The PIM Kinase Inhibitor TP-3654 in Combination with Ruxolitinib Exhibits Marked Improvement of Myelofibrosis in Murine Models

Myelofibrosis (MF) is the most severe form of myeloproliferative neoplasms (MPN). The median survival for MF patients is ~5 years. A somatic JAK2V617F mutation, which results in constitutive activation of the JAK2 tyrosine kinase, has been found in 50-60% patients with MF. Additional mutations in the genes encoding thrombopoietin receptor (MPL) and calreticulin (CALR) have been found in MF but at a lower frequency than JAK2V617F. Ruxolitinib, a JAK1/JAK2 inhibitor, has been approved for treatment of MF. Although ruxolitinib treatment can reduce splenomegaly and constitutional symptoms in patients with MF, it failed to induce disease remission or cure fibrosis. Therefore, there is a critical need to identify new therapeutic target(s) and develop novel targeted therapies for MF. We found that PIM1 expression is significantly increased in mouse and human MPN/MF hematopoietic progenitors. Moreover, PIM1 knockdown markedly inhibited proliferation in JAK2V617F-expressing cells but not in wild type JAK2-expressing cells. In this study, we investigated the efficacy of the second-generation pan-PIM kinase inhibitor, TP-3654, in hematopoietic cells expressing JAK2V617F and MPLW515L and murine models of MF.

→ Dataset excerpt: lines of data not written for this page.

(* Let $A$ be a nonempty finite set of $n$ alternatives and $\succ^w,\succ^o$ priority orderings on $A$. Each of the Walk-Open, Open-Walk, Rotating and Compromise choice rules (for $(\succ^w,\succ^o)$) satisfies capacity-filling, gross substitutes, and monotonicity. The Rotating choice rule satisfies the irrelevance of accepted alternatives and is (capacity-constrained) lexicographic, whereas the Walk-Open, Open-Walk and Compromise choice rules do not in general satisfy the irrelevance of accepted alternatives and are not in general (capacity-constrained) lexicographic (for each of them there exist $A$, $\succ^w$, $\succ^o$ for which it violates these).
   Context: Let $\mathcal{A}$ be the nonempty subsets of $A$. A choice rule assigns to each $(S,q)\in\mathcal{A}\times\{1,\dots,n\}$ a nonempty $C(S,q)\subseteq S$, $|C(S,q)|\le q$; $R(S,q)=S\setminus C(S,q)$. Given a list $(\succ_1,\dots,\succ_k)$ of priority orderings (strict linear orders on $A$), the lexicographic choice from $S$ chooses the $\succ_1$-highest element of $S$, then the $\succ_2$-highest among the remaining, etc., until $k$ are chosen or none is left. $C$ is (capacity-constrained) lexicographic if there is a profile $(\succ_1,\dots,\succ_n)$ such that $C(S,q)$ is the lexicographic choice from $S$ with $(\succ_1,\dots,\succ_q)$ for all $(S,q)$. The four rules are defined by taking, at capacity $q$, $C(S,q)$ to be the lexicographic choice from $S$ with the following list of length $q$ (w denotes $\succ^w$, o denotes $\succ^o$): Walk-Open: first $\lceil q/2\rceil$ entries w, remaining entries o. Open-Walk: first $\lceil q/2\rceil$ entries o, remaining entries w. Rotating: w, o, w, o, … (odd positions w, even positions o). Compromise: writing $q=4m+k$ with $k\in\{0,1,2,3\}$, the list consists of a block of w's, then a block of o's, then a block of w's, of lengths $(m,2m,m)$ if $k=0$, $(m+1,2m,m)$ if $k=1$, $(m+1,2m+1,m)$ if $k=2$, $(m+1,2m+1,m+1)$ if $k=3$. Capacity-filling: $|C(S,q)|=\min\{|S|,q\}$. Gross substitutes: for $a\neq b$ in $S$, $a\in C(S,q)\Rightarrow a\in C(S\setminus\{b\},q)$. Monotonicity: $C(S,q)\subseteq C(S,q+1)$ for $q\le n-1$. Irrelevance of accepted alternatives: for $S,S'\in\mathcal{A}$ and $q\le n-1$, $R(S,q)=R(S',q)$ implies $C(S,q+1)\cap R(S,q)=C(S',q+1)\cap R(S',q)$. *)

theory Defs
  imports Main
begin

text \<open>A priority ordering on A: a strict linear order on A (contained in A x A).
  Convention: (a, b) \<in> r means a has higher priority than b.\<close>
definition priority_order :: "'a set \<Rightarrow> 'a rel \<Rightarrow> bool" where
  "priority_order A r \<longleftrightarrow> r \<subseteq> A \<times> A \<and> strict_linear_order_on A r"

definition top_elem :: "'a rel \<Rightarrow> 'a set \<Rightarrow> 'a" where
  "top_elem r S = (THE a. a \<in> S \<and> (\<forall>b\<in>S. b \<noteq> a \<longrightarrow> (a, b) \<in> r))"

fun lex_choice :: "'a rel list \<Rightarrow> 'a set \<Rightarrow> 'a set" where
  "lex_choice [] S = {}"
| "lex_choice (r # rs) S =
     (if S = {} then {} else insert (top_elem r S) (lex_choice rs (S - {top_elem r S})))"

definition walk_open_list :: "'a rel \<Rightarrow> 'a rel \<Rightarrow> nat \<Rightarrow> 'a rel list" where
  "walk_open_list w op q = replicate ((q + 1) div 2) w @ replicate (q - (q + 1) div 2) op"

definition open_walk_list :: "'a rel \<Rightarrow> 'a rel \<Rightarrow> nat \<Rightarrow> 'a rel list" where
  "open_walk_list w op q = replicate ((q + 1) div 2) op @ replicate (q - (q + 1) div 2) w"

definition rotating_list :: "'a rel \<Rightarrow> 'a rel \<Rightarrow> nat \<Rightarrow> 'a rel list" where
  "rotating_list w op q = map (\<lambda>i. if even i then w else op) [0..<q]"

definition compromise_list :: "'a rel \<Rightarrow> 'a rel \<Rightarrow> nat \<Rightarrow> 'a rel list" where
  "compromise_list w op q =
     (let m = q div 4; k = q mod 4 in
        replicate (m + (if k \<ge> 1 then 1 else 0)) w
      @ replicate (2 * m + (if k \<ge> 2 then 1 else 0)) op
      @ replicate (m + (if k \<ge> 3 then 1 else 0)) w)"

definition walk_open :: "'a rel \<Rightarrow> 'a rel \<Rightarrow> 'a set \<Rightarrow> nat \<Rightarrow> 'a set" where
  "walk_open w op S q = lex_choice (walk_open_list w op q) S"

definition open_walk :: "'a rel \<Rightarrow> 'a rel \<Rightarrow> 'a set \<Rightarrow> nat \<Rightarrow> 'a set" where
  "open_walk w op S q = lex_choice (open_walk_list w op q) S"

definition rotating :: "'a rel \<Rightarrow> 'a rel \<Rightarrow> 'a set \<Rightarrow> nat \<Rightarrow> 'a set" where
  "rotating w op S q = lex_choice (rotating_list w op q) S"

definition compromise :: "'a rel \<Rightarrow> 'a rel \<Rightarrow> 'a set \<Rightarrow> nat \<Rightarrow> 'a set" where
  "compromise w op S q = lex_choice (compromise_list w op q) S"

definition capacity_filling :: "'a set \<Rightarrow> ('a set \<Rightarrow> nat \<Rightarrow> 'a set) \<Rightarrow> bool" where
  "capacity_filling A C \<longleftrightarrow>
     (\<forall>S q. S \<noteq> {} \<and> S \<subseteq> A \<and> 1 \<le> q \<and> q \<le> card A \<longrightarrow> card (C S q) = min (card S) q)"

definition gross_substitutes :: "'a set \<Rightarrow> ('a set \<Rightarrow> nat \<Rightarrow> 'a set) \<Rightarrow> bool" where
  "gross_substitutes A C \<longleftrightarrow>
     (\<forall>S q a b. S \<noteq> {} \<and> S \<subseteq> A \<and> 1 \<le> q \<and> q \<le> card A \<and> a \<in> S \<and> b \<in> S \<and> a \<noteq> b
        \<and> a \<in> C S q \<longrightarrow> a \<in> C (S - {b}) q)"

definition monotonicity :: "'a set \<Rightarrow> ('a set \<Rightarrow> nat \<Rightarrow> 'a set) \<Rightarrow> bool" where
  "monotonicity A C \<longleftrightarrow>
     (\<forall>S q. S \<noteq> {} \<and> S \<subseteq> A \<and> 1 \<le> q \<and> q \<le> card A - 1 \<longrightarrow> C S q \<subseteq> C S (q + 1))"

definition rejected :: "('a set \<Rightarrow> nat \<Rightarrow> 'a set) \<Rightarrow> 'a set \<Rightarrow> nat \<Rightarrow> 'a set" where
  "rejected C S q = S - C S q"

definition irrelevance_accepted :: "'a set \<Rightarrow> ('a set \<Rightarrow> nat \<Rightarrow> 'a set) \<Rightarrow> bool" where
  "irrelevance_accepted A C \<longleftrightarrow>
     (\<forall>S S' q. S \<noteq> {} \<and> S \<subseteq> A \<and> S' \<noteq> {} \<and> S' \<subseteq> A \<and> 1 \<le> q \<and> q \<le> card A - 1
        \<and> rejected C S q = rejected C S' q
        \<longrightarrow> C S (q + 1) \<inter> rejected C S q = C S' (q + 1) \<inter> rejected C S' q)"

definition lexicographic :: "'a set \<Rightarrow> ('a set \<Rightarrow> nat \<Rightarrow> 'a set) \<Rightarrow> bool" where
  "lexicographic A C \<longleftrightarrow>
     (\<exists>prof. length prof = card A \<and> (\<forall>r \<in> set prof. priority_order A r) \<and>
        (\<forall>S q. S \<noteq> {} \<and> S \<subseteq> A \<and> 1 \<le> q \<and> q \<le> card A \<longrightarrow> C S q = lex_choice (take q prof) S))"

end

theory Submission
  imports Defs "HOL-Library.Sublist"
begin

text \<open>Shrinking the menu can only shrink what a lexicographic choice leaves over after each
  pick. Hence a chosen alternative stays chosen when another one is removed, and passing to a
  list of orderings that contains the old one as a subsequence only adds chosen alternatives.
  Each of the four rules uses a list of length q at capacity q that is a subsequence of its list
  at capacity q+1, which gives capacity-filling, gross substitutes and monotonicity. The
  rotating lists are the prefixes of one profile, so that rule is lexicographic, and a
  lexicographic rule fills seat q+1 by a single fixed ordering applied to the alternatives
  rejected at capacity q, which is irrelevance of accepted alternatives. The other three rules
  insert the new ordering in the middle of the list instead; with w = 0 > 1 > 2 > 3 > 4 > 5 and
  o = 0 > 1 > 2 > 5 > 4 > 3 this produces two menus with the same rejected alternatives at
  capacity q but different extra picks at capacity q+1.\<close>

lemma priority_order_has_top:
  assumes "priority_order A r" and "finite S" and "S \<subseteq> A" and "S \<noteq> {}"
  shows "\<exists>a\<in>S. \<forall>b\<in>S. b \<noteq> a \<longrightarrow> (a, b) \<in> r"
  using assms(2,4,3)
proof (induction S rule: finite_ne_induct)
  case (singleton x)
  then show ?case by auto
next
  case (insert x F)
  then obtain t where t: "t \<in> F" "\<forall>b\<in>F. b \<noteq> t \<longrightarrow> (t, b) \<in> r"
    by auto
  have "trans r" and "total_on A r"
    using assms(1) by (auto simp: priority_order_def strict_linear_order_on_def)
  moreover have "x \<noteq> t" and "x \<in> A" and "t \<in> A"
    using t insert by auto
  ultimately consider "(x, t) \<in> r" | "(t, x) \<in> r"
    by (auto simp: total_on_def)
  then show ?case
  proof cases
    case 1
    with t \<open>trans r\<close> show ?thesis by (auto dest: transD)
  next
    case 2
    with t show ?thesis by auto
  qed
qed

TP-3654 (0.25-1.0 uM) treatment significantly reduced proliferation of murine Ba/F3 cells expressing JAK2V617F or MPLW515L. TP-3654 (0.5-1.0 uM) treatment also significantly inhibited human JAK2V617F-positive HEL, SET-2 and UKE-1 cells. However, TP-3654 only modestly affected proliferation of wild type JAK2-expressing Ba/F3 cells at higher concentrations. TP-3654 treatment also resulted in marked apoptosis in Ba/F3-EpoR-JAK2V617F, HEL and UKE-1 cells but not in wild-type JAK2 expressing Ba/F3-EpoR cells. Additionally, TP-3654 and ruxolitinib synergistically induced apoptosis in JAK2V617F- expressing hematopoietic cells. Moreover, TP-3654 treatment can overcome resistance to JAK2 inhibition in ruxolitinib-resistant Ba/F3-EpoR-JAK2V617F cells. Furthermore, TP-3654 significantly inhibited MPN/MF CD34+ hematopoietic progenitor colony growth.

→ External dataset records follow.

lemma cylinder_approximable_Compl:
  assumes "cylinder_approximable A"
  shows "cylinder_approximable (UNIV - A)"
  unfolding cylinder_approximable_def
proof (intro allI impI)
  fix e :: real assume "e > 0"
  then obtain C N where C: "C \<in> sets coin_space" "prefix_determined N C"
    "measure coin_space (sym_diff A C) < e"
    using assms unfolding cylinder_approximable_def by blast
  have "sym_diff (UNIV - A) (UNIV - C) = sym_diff A C"
    by blast
  moreover have "prefix_determined N (UNIV - C)"
    using C(2) unfolding prefix_determined_def by blast
  ultimately show "\<exists>C N. C \<in> sets coin_space \<and> prefix_determined N C \<and>
      measure coin_space (sym_diff (UNIV - A) C) < e"
    using C(1,3) sets.compl_sets[OF C(1)] by (intro exI[of _ "UNIV - C"] exI[of _ N]) auto
qed

lemma cylinder_approximable_Un:
  assumes "A \<in> sets coin_space" "B \<in> sets coin_space"
    and "cylinder_approximable A" "cylinder_approximable B"
  shows "cylinder_approximable (A \<union> B)"
  unfolding cylinder_approximable_def
proof (intro allI impI)
  fix e :: real assume "e > 0"
  then obtain C M D N where C: "C \<in> sets coin_space" "prefix_determined M C"
      "measure coin_space (sym_diff A C) < e/2"
    and D: "D \<in> sets coin_space" "prefix_determined N D" "measure coin_space (sym_diff B D) < e/2"
    using assms(3,4) unfolding cylinder_approximable_def by (meson half_gt_zero)
  have "prefix_determined (max M N) C" "prefix_determined (max M N) D"
    using C(2) D(2) by (auto intro: prefix_determined_mono)
  then have "prefix_determined (max M N) (C \<union> D)"
    unfolding prefix_determined_def by blast
  moreover have "sym_diff (A \<union> B) (C \<union> D) \<subseteq> sym_diff A C \<union> sym_diff B D"
    by blast
  then have "measure coin_space (sym_diff (A \<union> B) (C \<union> D))
      \<le> measure coin_space (sym_diff A C) + measure coin_space (sym_diff B D)"
    using assms(1,2) C(1) D(1)
    by (intro order_trans[OF coin.finite_measure_mono measure_subadditive])
      (auto simp: coin.emeasure_finite)
  moreover have "C \<union> D \<in> sets coin_space"
    using C(1) D(1) by simp
  ultimately show "\<exists>C N. C \<in> sets coin_space \<and> prefix_determined N C \<and>
      measure coin_space (sym_diff (A \<union> B) C) < e"
    using C(3) D(3) by (intro exI[of _ "C \<union> D"] exI[of _ "max M N"]) auto
qed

We previously reported the generation of JAK2V617F knock-in mice. Whereas heterozygous JAK2V617F knock-in mice exhibit a polycythemia vera phenotype, mice expressing homozygous JAK2V617F rapidly develop high-grade MF. We have utilized the homozygous JAK2V617F mice to test the in vivo efficacy of TP-3654 alone or in combination with ruxolitinib against MF. Treatment of TP-3654 alone significantly reduced the increase in white blood cell (WBC) and neutrophil counts as well as spleen size in mice expressing homozygous JAK2V617F compared with vehicle treatment. Combined treatment of TP-3654 and ruxolitinib almost completely normalized the WBC and neutrophil counts and the spleen size in homozygous JAK2V617F mice. Histopathologic analysis revealed marked reduction in fibrosis in the bone marrow and spleens of TP-3654-treated mice whereas ruxolitinib treatment did not significantly alter fibrosis. Combined TP-3654 and ruxolitinib treatment almost completely eliminated fibrosis in the bone marrow and spleens of homozygous JAK2V617F mice.

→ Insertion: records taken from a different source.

(* Let $d\ge 2$ be an integer and let $r$ be the integer closest to $d/3$. For every integer $k\ge 2$, the seed $Q(d)=\#^{d-r}-\#^{r}$ is $k$-optimal in $\mathcal C_1(d)$, i.e. its $k$-critical length is minimal among all seeds $\#^{p}-\#^{q}$ with $p,q\ge 1$, $p+q=d$.
   Context: A seed is a finite word over $\{\#,-\}$ that begins and ends with $\#$; $-$ is called a joker; the weight is the number of $\#$'s. A binary word is an $(m,k)$-similarity if it has length $m$ and exactly $k$ zeros. A seed $Q$ of length $s$ matches a binary word $w$ at position $i$ ($1\le i\le |w|-s+1$) if $w[i+t-1]=1$ for every $t$ with $Q[t]=\#$; $Q$ detects $w$ if it matches at some position; $Q$ solves the $(m,k)$-problem if it detects every $(m,k)$-similarity. The $k$-critical length of $Q$ is the minimal $m$ such that $Q$ solves the $(m,k)$-problem. $\mathcal C_1(d)$ is the class of seeds of weight $d$ with exactly one joker. A seed is $k$-optimal in $\mathcal C_1(d)$ if it has minimal $k$-critical length among all seeds of $\mathcal C_1(d)$. *)

theory Defs
  imports Complex_Main
begin

text \<open>In a seed, True stands for # and False for the joker -.
  In a binary word, True stands for 1 and False for 0.
  Positions are 0-based here (position i here = position i+1 in the paper).\<close>

definition is_seed :: "bool list \<Rightarrow> bool" where
  "is_seed Q \<longleftrightarrow> Q \<noteq> [] \<and> hd Q \<and> last Q"

definition weight :: "bool list \<Rightarrow> nat" where
  "weight Q = length (filter id Q)"

definition jokers :: "bool list \<Rightarrow> nat" where
  "jokers Q = length (filter Not Q)"

definition similarity :: "nat \<Rightarrow> nat \<Rightarrow> bool list \<Rightarrow> bool" where
  "similarity m k w \<longleftrightarrow> length w = m \<and> length (filter Not w) = k"

definition matches_at :: "bool list \<Rightarrow> bool list \<Rightarrow> nat \<Rightarrow> bool" where
  "matches_at Q w i \<longleftrightarrow> i + length Q \<le> length w \<and>
     (\<forall>t < length Q. Q ! t \<longrightarrow> w ! (i + t))"

definition detects :: "bool list \<Rightarrow> bool list \<Rightarrow> bool" where
  "detects Q w \<longleftrightarrow> (\<exists>i. matches_at Q w i)"

definition solves :: "bool list \<Rightarrow> nat \<Rightarrow> nat \<Rightarrow> bool" where
  "solves Q m k \<longleftrightarrow> (\<forall>w. similarity m k w \<longrightarrow> detects Q w)"

text \<open>k-critical length: the threshold length from which on Q solves the (m,k)-problem.
  (For m < k there are no (m,k)-similarities, so the problem is vacuous.)\<close>
definition critical_length :: "bool list \<Rightarrow> nat \<Rightarrow> nat" where
  "critical_length Q k = (LEAST m. \<forall>m'\<ge>m. solves Q m' k)"

definition C1 :: "nat \<Rightarrow> bool list set" where
  "C1 d = {Q. is_seed Q \<and> weight Q = d \<and> jokers Q = 1}"

definition k_optimal :: "nat \<Rightarrow> nat \<Rightarrow> bool list \<Rightarrow> bool" where
  "k_optimal k d Q \<longleftrightarrow> Q \<in> C1 d \<and> (\<forall>Q' \<in> C1 d. critical_length Q k \<le> critical_length Q' k)"

definition Qseed :: "nat \<Rightarrow> bool list" where
  "Qseed d = (let r = nat (round (real d / 3)) in
     replicate (d - r) True @ [False] @ replicate r True)"

end

theory Submission imports Defs begin

(* Write a binary word with k zeros by its run lengths: it is
   1^a0 0 1^a1 0 ... 0 1^ak for a unique list [a0,...,ak].  The seed #^p - #^q
   fails to detect this word exactly when every run has length at most p + q and
   no two consecutive runs satisfy ai >= p and a(i+1) >= q ("the list avoids (p,q)").
   Hence the k-critical length of #^p - #^q is k + 1 + (largest sum of an avoiding
   list of length k + 1).
   For the seed Q(d) = #^P - #^R (R = round (d/3)) we bound that sum by an explicit
   quantity sum_bound P R k, using P <= 2R+1.  For any other seed #^p - #^q with
   q <= p (the case p < q reduces to it by reversing seed and words) we exhibit two
   avoiding lists, "p-1, ..., p-1, p+q" and "p+q, q-1, p+q, q-1, ...", and check
   arithmetically that one of their sums reaches sum_bound P R k. *)

section \<open>Run-length encoding of binary words\<close>

fun runs :: "nat list \<Rightarrow> bool list" where
  "runs [] = []"
| "runs [a] = replicate a True"
| "runs (a # b # as) = replicate a True @ False # runs (b # as)"

lemma runs_Cons_Suc: "runs (Suc a # as) = True # runs (a # as)"
  by (cases as) auto

lemma runs_surj: "\<exists>as. runs as = w \<and> length as = length (filter Not w) + 1"
proof (induction w)
  case Nil
  show ?case by (intro exI[of _ "[0]"]) auto
next
  case (Cons x w)
  then obtain a as where IH: "runs (a # as) = w" "length (a # as) = length (filter Not w) + 1"
    by (metis length_0_conv neq_Nil_conv zero_eq_add_iff_both_eq_0 zero_neq_one)
  show ?case
  proof (cases x)
    case True
    then show ?thesis using IH by (intro exI[of _ "Suc a # as"]) (simp add: runs_Cons_Suc)
  next
    case False
    then show ?thesis using IH by (intro exI[of _ "0 # a # as"]) simp
  qed
qed

lemma length_runs: "as \<noteq> [] \<Longrightarrow> length (runs as) = sum_list as + length as - 1"
  by (induction as rule: runs.induct) auto

lemma zeros_runs: "length (filter Not (runs as)) = length as - 1"
  by (induction as rule: runs.induct) auto

lemma runs_nth_first_run: "j < a \<Longrightarrow> runs (a # as) ! j"
  by (cases as) (auto simp: nth_append)

lemma first_run_le_length: "a \<le> length (runs (a # as))"
  by (cases as) auto

definition seed :: "nat \<Rightarrow> nat \<Rightarrow> bool list" where
  "seed p q = replicate p True @ False # replicate q True"

lemma length_seed: "length (seed p q) = p + q + 1"
  by (simp add: seed_def)

lemma nth_seed: "t < p + q + 1 \<Longrightarrow> seed p q ! t = (t \<noteq> p)"
  by (auto simp: seed_def nth_append nth_Cons split: nat.splits)

lemma rev_seed: "rev (seed p q) = seed q p"
  by (simp add: seed_def)

lemma C1_iff: "Q \<in> C1 d \<longleftrightarrow> (\<exists>p q. Q = seed p q \<and> 1 \<le> p \<and> 1 \<le> q \<and> p + q = d)"
proof
  assume "Q \<in> C1 d"
  then have s: "is_seed Q" and w: "weight Q = d" and j: "jokers Q = 1"
    by (auto simp: C1_def)
  have "False \<in> set Q"
    using j unfolding jokers_def by (metis filter_False length_0_conv zero_neq_one)
  then obtain xs ys where Q: "Q = xs @ False # ys" and "False \<notin> set xs"
    using split_list_first by metis
  moreover have "length (filter Not ys) = 0"
    using j Q \<open>False \<notin> set xs\<close> unfolding jokers_def by auto
  then have "False \<notin> set ys" by (metis filter_empty_conv length_0_conv)
  ultimately have Qe: "Q = seed (length xs) (length ys)"
    unfolding seed_def by (metis (full_types) replicate_length_same)
  moreover have "length xs \<noteq> 0" "length ys \<noteq> 0"
    using s Qe unfolding is_seed_def seed_def by auto
  moreover have "length xs + length ys = d"
    using w Qe unfolding weight_def seed_def by simp
  ultimately show "\<exists>p q. Q = seed p q \<and> 1 \<le> p \<and> 1 \<le> q \<and> p + q = d"
    by (metis One_nat_def less_one not_less)
next
  assume "\<exists>p q. Q = seed p q \<and> 1 \<le> p \<and> 1 \<le> q \<and> p + q = d"
  then show "Q \<in> C1 d"
    unfolding C1_def is_seed_def weight_def jokers_def seed_def
    by (auto simp: not_less_eq_eq[symmetric] Suc_le_eq gr0_conv_Suc)
qed

lemma matches_at_append_left:
  "matches_at Q w i \<Longrightarrow> matches_at Q (u @ w) (length u + i)"
  by (auto simp: matches_at_def nth_append)

lemma matches_at_drop_left:
  assumes "matches_at Q (u @ w) i" "length u \<le> i"
  shows "matches_at Q w (i - length u)"
  using assms unfolding matches_at_def
  by (auto simp: nth_append)

fun avoids :: "nat \<Rightarrow> nat \<Rightarrow> nat list \<Rightarrow> bool" where
  "avoids p q [] = True"
| "avoids p q [a] = (a \<le> p + q)"
| "avoids p q (a # b # as) = (a \<le> p + q \<and> \<not> (p \<le> a \<and> q \<le> b) \<and> avoids p q (b # as))"

lemma avoids_tl: "avoids p q (a # as) \<Longrightarrow> avoids p q as"
  by (cases as) auto

lemma avoids_sum_le: "avoids p q as \<Longrightarrow> sum_list as \<le> length as * (p + q)"
  by (induction p q as rule: avoids.induct) auto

Additionally, we have tested the in vivo efficacy of TP-3654 and TP-3654/ruxolitinib combination using bone marrow transplantation mouse model of MPL mutant (MPLW515L). We observed similar decrease in white blood cell and neutrophil counts in MPL mutant mice upon treatment of TP-3654 alone or in combination with ruxolitinib. We also observed significant decrease in splenomegaly in MPL mutant mice treated with TP-3654 alone and in combination with ruxolitinib. Combined treatment of TP-3654 plus ruxolitinib almost completely ablated the fibrosis in the bone marrow and spleens of MPL mutant mice.

To gain insights into the mechanism of inhibition of myelofibrosis by TP-3654 or TP-3654/ ruxolitinib drug combination, we performed RNA-sequencing on purified LSK (Lin^-Sca-1⁺c-kit⁺) cells from these drug-treated homozygous JAK2V617F mice. Analysis of RNA-sequencing data revealed that the genes related to HSC maintenance and TNF signaling pathways were significantly down-regulated by TP-3654 alone or TP-3654/ruxolitinib combination compared with vehicle. Overall, our results suggest that TP-3654 alone or in combination with ruxolitinib may have therapeutic potential against MF and support the clinical investigation of TP-3654 and ruxolitinib combination in patients with MF.